NURS 6521 Comparing and Contrasting Pharmacologic Options for the Treatment of Generalized Anxiety Disorder

NURS 6521 Comparing and Contrasting Pharmacologic Options for the Treatment of Generalized Anxiety Disorder

Anxiety is a type of medical condition whereby the person feels worried, uneasy, nervous, or stressed. According to the American Psychiatric Association, anxiety is defined as an emotion characterized by feelings of tension, worried thoughts, and physical changes like increased blood pressure. The Diagnostic and Statistical Manual of Mental Health Disorders (DSM-V) classifies anxiety disorders into several main types such as generalized anxiety disorder, panic anxiety, and selective mutism.

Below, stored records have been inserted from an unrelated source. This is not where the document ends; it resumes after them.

lemma closed_tangent_cone:
  fixes C :: "'a::real_normed_vector set"
  shows "closed (tangent_cone C x)"
  unfolding closed_limpt
proof (intro allI impI)
  fix d
  assume "d islimpt tangent_cone C x"
  show "d \<in> tangent_cone C x"
  proof (rule tangent_coneI)
    fix \<eta> \<delta> :: real
    assume "\<eta> > 0" "\<delta> > 0"
    have "\<eta> / 2 > 0"
      using \<open>\<eta> > 0\<close> by simp
    then obtain d' where d': "d' \<in> tangent_cone C x" "dist d' d < \<eta> / 2"
      using \<open>d islimpt _\<close> unfolding islimpt_approachable by blast
    obtain t y where t: "t \<in> {0<..<\<delta>}" and "y \<in> C"
      and close: "norm (y - x - t *\<^sub>R d') \<le> \<eta> / 2 * t"
      using tangent_coneE[OF d'(1) \<open>\<eta> / 2 > 0\<close> \<open>\<delta> > 0\<close>] .
    have "y - x - t *\<^sub>R d = (y - x - t *\<^sub>R d') + t *\<^sub>R (d' - d)"
      by (simp add: algebra_simps)
    then have "norm (y - x - t *\<^sub>R d) \<le> norm (y - x - t *\<^sub>R d') + norm (t *\<^sub>R (d' - d))"
      by (metis norm_triangle_ineq)
    also have "\<dots> \<le> \<eta> / 2 * t + \<eta> / 2 * t"
    proof (rule add_mono[OF close])
      show "norm (t *\<^sub>R (d' - d)) \<le> \<eta> / 2 * t"
        using t d'(2) by (simp add: dist_norm mult.commute)
    qed
    finally show "\<exists>t\<in>{0<..<\<delta>}. \<exists>y\<in>C. norm (y - x - t *\<^sub>R d) \<le> \<eta> * t"
      using t \<open>y \<in> C\<close> by auto
  qed
qed

section \<open>First-order estimates along a ray\<close>

lemma eventually_prod_at_right_0E:
  fixes P :: "real \<Rightarrow> real \<Rightarrow> bool"
  assumes "\<forall>\<^sub>F (\<epsilon>, t) in at_right 0 \<times>\<^sub>F at_right 0. P \<epsilon> t" and "\<eta> > 0"
  obtains \<epsilon> \<delta> where "\<epsilon> \<in> {0<..<\<eta>}" "\<delta> > 0" "\<And>t. t \<in> {0<..<\<delta>} \<Longrightarrow> P \<epsilon> t"
proof -
  obtain P\<^sub>\<epsilon> P\<^sub>t where "eventually P\<^sub>\<epsilon> (at_right 0)" "eventually P\<^sub>t (at_right 0)"
    and P: "\<And>\<epsilon> t. P\<^sub>\<epsilon> \<epsilon> \<Longrightarrow> P\<^sub>t t \<Longrightarrow> P \<epsilon> t"
    using assms(1) unfolding eventually_prod_filter by auto
  then obtain a \<delta> where "a > 0" "\<And>\<epsilon>. 0 < \<epsilon> \<Longrightarrow> \<epsilon> < a \<Longrightarrow> P\<^sub>\<epsilon> \<epsilon>"
    and "\<delta> > 0" "\<And>t. 0 < t \<Longrightarrow> t < \<delta> \<Longrightarrow> P\<^sub>t t"
    unfolding eventually_at_right_field by auto
  moreover have "min a \<eta> / 2 \<in> {0<..<\<eta>}" "min a \<eta> / 2 < a"
    using \<open>a > 0\<close> assms(2) by auto
  ultimately show thesis
    using P by (intro that[of "min a \<eta> / 2" \<delta>]) auto
qed

lemma eventually_prod_filterI:
  assumes "eventually P F" and "eventually Q G" and "\<And>x y. P x \<Longrightarrow> Q y \<Longrightarrow> R x y"
  shows "\<forall>\<^sub>F (x, y) in F \<times>\<^sub>F G. R x y"
  unfolding eventually_prod_filter using assms by auto

lemma norm_diff_le_near_ray:
  fixes x y d :: "'a::real_normed_vector"
  assumes "norm (y - x - t *\<^sub>R d) \<le> \<epsilon> * t" and "\<epsilon> \<le> 1" and "t \<ge> 0"
  shows "norm (y - x) \<le> t * (norm d + 1)"
proof -
  have "norm (y - x) \<le> norm (t *\<^sub>R d) + norm (y - x - t *\<^sub>R d)"
    by (rule norm_triangle_sub)
  also have "\<dots> \<le> t * norm d + 1 * t"
    using assms mult_right_mono[of \<epsilon> 1 t] by (intro add_mono) simp_all
  finally show ?thesis
    by (simp add: algebra_simps)
qed

lemma inner_diff_near_ray_le:
  fixes x y d b :: "'a::real_inner"
  assumes "norm (y - x - t *\<^sub>R d) \<le> \<epsilon> * t"
  shows "\<bar>b \<bullet> (y - x) - t * (b \<bullet> d)\<bar> \<le> norm b * \<epsilon> * t"
proof -
  have "\<bar>b \<bullet> (y - x - t *\<^sub>R d)\<bar> \<le> norm b * norm (y - x - t *\<^sub>R d)"
    by (rule Cauchy_Schwarz_ineq2)
  also have "\<dots> \<le> norm b * (\<epsilon> * t)"
    using assms by (simp add: mult_left_mono)
  finally show ?thesis
    by (simp add: inner_diff_right mult.assoc)
qed

lemma has_derivative_near_ray:
  fixes \<phi> :: "'a::real_inner \<Rightarrow> real"
  assumes \<phi>: "(\<phi> has_derivative (\<lambda>v. b \<bullet> v)) (at x)" and "\<gamma> > 0"
  shows "\<forall>\<^sub>F (\<epsilon>, t) in at_right 0 \<times>\<^sub>F at_right 0.
    \<forall>y. norm (y - x - t *\<^sub>R d) \<le> \<epsilon> * t \<longrightarrow> \<bar>\<phi> y - \<phi> x - t * (b \<bullet> d)\<bar> \<le> \<gamma> * t"
proof -
  have "norm d + 1 > 0"
    using norm_ge_zero[of d] by linarith
  then have c_pos: "\<gamma> / 2 / (norm d + 1) > 0"
    using \<open>\<gamma> > 0\<close> by simp
  then obtain r where "r > 0" and remainder: "\<And>y. norm (y - x) < r \<Longrightarrow>
      norm (\<phi> y - \<phi> x - b \<bullet> (y - x)) \<le> \<gamma> / 2 / (norm d + 1) * norm (y - x)"
    using \<phi> unfolding has_derivative_at_alt by blast
  have lim: "((\<lambda>\<epsilon>. \<epsilon>) \<longlongrightarrow> 0) (at_right (0::real))"
    by (rule tendsto_ident_at)
  have lim_b: "((\<lambda>\<epsilon>. norm b * \<epsilon>) \<longlongrightarrow> 0) (at_right 0)"
    using tendsto_mult_left[OF lim, of "norm b"] by simp
  have lim_d: "((\<lambda>t. t * (norm d + 1)) \<longlongrightarrow> 0) (at_right 0)"
    using tendsto_mult_right[OF lim, of "norm d + 1"] by simp
  have "\<gamma> / 2 > 0"
    using \<open>\<gamma> > 0\<close> by simp
  have "\<forall>\<^sub>F \<epsilon> in at_right 0. \<epsilon> < 1 \<and> norm b * \<epsilon> < \<gamma> / 2"
    by (rule eventually_conj[OF order_tendstoD(2)[OF lim zero_less_one] order_tendstoD(2)[OF lim_b \<open>\<gamma> / 2 > 0\<close>]])
  moreover have "\<forall>\<^sub>F t in at_right 0. 0 < t \<and> t * (norm d + 1) < r"
    by (rule eventually_conj[OF eventually_at_right_less order_tendstoD(2)[OF lim_d \<open>r > 0\<close>]])
  ultimately show ?thesis
  proof (rule eventually_prod_filterI)
    fix \<epsilon> t :: real
    assume \<epsilon>: "\<epsilon> < 1 \<and> norm b * \<epsilon> < \<gamma> / 2" and t: "0 < t \<and> t * (norm d + 1) < r"
    show "\<forall>y. norm (y - x - t *\<^sub>R d) \<le> \<epsilon> * t \<longrightarrow> \<bar>\<phi> y - \<phi> x - t * (b \<bullet> d)\<bar> \<le> \<gamma> * t"
    proof (intro allI impI)
      fix y
      assume y: "norm (y - x - t *\<^sub>R d) \<le> \<epsilon> * t"
      have yx: "norm (y - x) \<le> t * (norm d + 1)"
        using \<epsilon> t by (intro norm_diff_le_near_ray[OF y]) auto
      with t have "norm (\<phi> y - \<phi> x - b \<bullet> (y - x)) \<le> \<gamma> / 2 / (norm d + 1) * norm (y - x)"
        by (intro remainder) simp
      also have "\<dots> \<le> \<gamma> / 2 / (norm d + 1) * (t * (norm d + 1))"
        using c_pos by (intro mult_left_mono[OF yx]) simp
      also have "\<dots> = \<gamma> / 2 * t"
        using \<open>norm d + 1 > 0\<close> by (simp add: field_simps)
      finally have first_order: "\<bar>\<phi> y - \<phi> x - b \<bullet> (y - x)\<bar> \<le> \<gamma> / 2 * t"
        by simp
      have "norm b * \<epsilon> * t \<le> \<gamma> / 2 * t"
        using \<epsilon> t by (simp add: mult_right_mono)
      with inner_diff_near_ray_le[OF y, of b]
      have "\<bar>b \<bullet> (y - x) - t * (b \<bullet> d)\<bar> \<le> \<gamma> / 2 * t"
        by linarith
      with first_order show "\<bar>\<phi> y - \<phi> x - t * (b \<bullet> d)\<bar> \<le> \<gamma> * t"
        by linarith
    qed
  qed
qed

lemma max_on_imp_inner_tangent_cone_le_0:
  fixes \<phi> :: "'a::real_inner \<Rightarrow> real"
  assumes \<phi>: "(\<phi> has_derivative (\<lambda>v. b \<bullet> v)) (at x)"
    and max: "\<And>y. y \<in> C \<Longrightarrow> \<phi> y \<le> \<phi> x"
    and d: "d \<in> tangent_cone C x"
  shows "b \<bullet> d \<le> 0"
proof (rule ccontr)
  assume "\<not> b \<bullet> d \<le> 0"
  then have "b \<bullet> d / 2 > 0"
    by simp
  from has_derivative_near_ray[OF \<phi> this, where d = d]
  obtain \<epsilon> \<delta> where "\<epsilon> \<in> {0<..<1}" "\<delta> > 0" and near: "\<And>t. t \<in> {0<..<\<delta>} \<Longrightarrow>
      \<forall>y. norm (y - x - t *\<^sub>R d) \<le> \<epsilon> * t \<longrightarrow> \<bar>\<phi> y - \<phi> x - t * (b \<bullet> d)\<bar> \<le> b \<bullet> d / 2 * t"
    by (rule eventually_prod_at_right_0E[OF _ zero_less_one]) auto
  moreover from \<open>\<epsilon> \<in> {0<..<1}\<close> have "\<epsilon> > 0"
    by simp
  ultimately obtain t y where t: "t \<in> {0<..<\<delta>}" and "y \<in> C" and "norm (y - x - t *\<^sub>R d) \<le> \<epsilon> * t"
    using tangent_coneE[OF d] by blast
  then have "\<bar>\<phi> y - \<phi> x - t * (b \<bullet> d)\<bar> \<le> b \<bullet> d / 2 * t"
    using near[OF t] by blast
  then have "\<phi> y - \<phi> x \<ge> t * (b \<bullet> d) - b \<bullet> d / 2 * t"
    using abs_le_D2 by fastforce
  moreover have "t * (b \<bullet> d) - b \<bullet> d / 2 * t > 0"
    using t \<open>b \<bullet> d / 2 > 0\<close> by (simp add: algebra_simps)
  ultimately show False
    using max[OF \<open>y \<in> C\<close>] by linarith
qed

lemma inequality_constraint_near_ray:
  fixes \<phi> :: "'a::real_inner \<Rightarrow> real"
  assumes \<phi>: "(\<phi> has_derivative (\<lambda>v. b \<bullet> v)) (at x)"
    and "\<phi> x \<le> 0" and active: "\<phi> x = 0 \<Longrightarrow> b \<bullet> d < 0"
  shows "\<forall>\<^sub>F (\<epsilon>, t) in at_right 0 \<times>\<^sub>F at_right 0. \<forall>y. norm (y - x - t *\<^sub>R d) \<le> \<epsilon> * t \<longrightarrow> \<phi> y \<le> 0"
proof (cases "\<phi> x = 0")
  case True
  then have "- (b \<bullet> d) > 0"
    using active by simp
  from has_derivative_near_ray[OF \<phi> this, where d = d] show ?thesis
    by eventually_elim (auto simp: True abs_le_iff)
next
  case False
  then have "\<phi> x < 0"
    using \<open>\<phi> x \<le> 0\<close> by simp
  have "((\<lambda>t. \<phi> x + t * (b \<bullet> d + 1)) \<longlongrightarrow> \<phi> x + 0 * (b \<bullet> d + 1)) (at_right 0)"
    by (intro tendsto_intros)
  then have "\<forall>\<^sub>F t in at_right 0. \<phi> x + t * (b \<bullet> d + 1) < 0"
    using \<open>\<phi> x < 0\<close> by (simp add: order_tendstoD(2))
  then have "\<forall>\<^sub>F (\<epsilon>::real, t) in at_right 0 \<times>\<^sub>F at_right 0. \<phi> x + t * (b \<bullet> d + 1) < 0"
    by (rule eventually_prod2[OF trivial_limit_at_right_real, THEN iffD2])
  moreover note has_derivative_near_ray[OF \<phi> zero_less_one, where d = d]
  ultimately show ?thesis
    by eventually_elim (auto simp: abs_le_iff algebra_simps)
qed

Generalized anxiety disorder (GAD) is a type of anxiety that makes a person feel constantly worried. These worrying feelings are about anything and they can last for more than six months. Other symptoms of GAD include nausea, fatigue, trembling, urinating often, sweating hot flashes, irritability, and trouble breathing (Andrews et al., 2010). People diagnosed with GAD are subjected to psychotherapy and medical treatment. The medications used to treat GAD are classified as anxiolytic medications which are a group of drugs used to prevent or treat anxiety symptoms or disorders. They are sometimes called anti-anxiety medications or minor tranquilizers. Anxiolytic medications are habit-forming and can lead to dependency or a substance use disorder. For this reason, they’re often only prescribed for a short amount of time. Some of the anxiolytic medications include SSRIs (sertraline, fluoxetine, paroxetine, and citalopram). Selective serotonin-norepinephrine reuptake inhibitors (SNRI) such as Venlafaxine and Duloxetine have been approved by FDA as a treatment for GAD. Benzodiazepines (alprazolam) and other types of anxiolytic medications such as Second-generation antipsychotics (SGAs).

Before prescribing these drugs to any patient, it is important to understand their pharmacokinetics and pharmacodynamics. For example, the pharmacokinetics and pharmacodynamics of benzodiazepines involve the increase of g-aminobutyric acid (GABA) inhibitory impulses in the central nervous system mediated via benzodiazepine receptors. GABA blocks other activity in your brain, which helps you feel calm and can make you sleepy.

The structure of benzodiazepines is made up of a benzene ring fused to a seven-membered 1,4 diazepine ring. Alprazolam is administered orally and is directly metabolized by hepatic microsomal oxidation (Jahn et al., 2016). They have a peak plasma concentration which occurs after 1 to 2 hours of being taken. Another drug is chlordiazepoxide which although itself has an intermediate half-life (6 — 28 h), its active metabolite desmethyldiazepam has a very long half-life; oral chlordiazepoxide is rapidly and completely absorbed and its volume of distribution varies from 0.25 to 0.50 l/kg. The drug seems to block electroencephalogram arousal from stimulation in the brain stem reticular formation.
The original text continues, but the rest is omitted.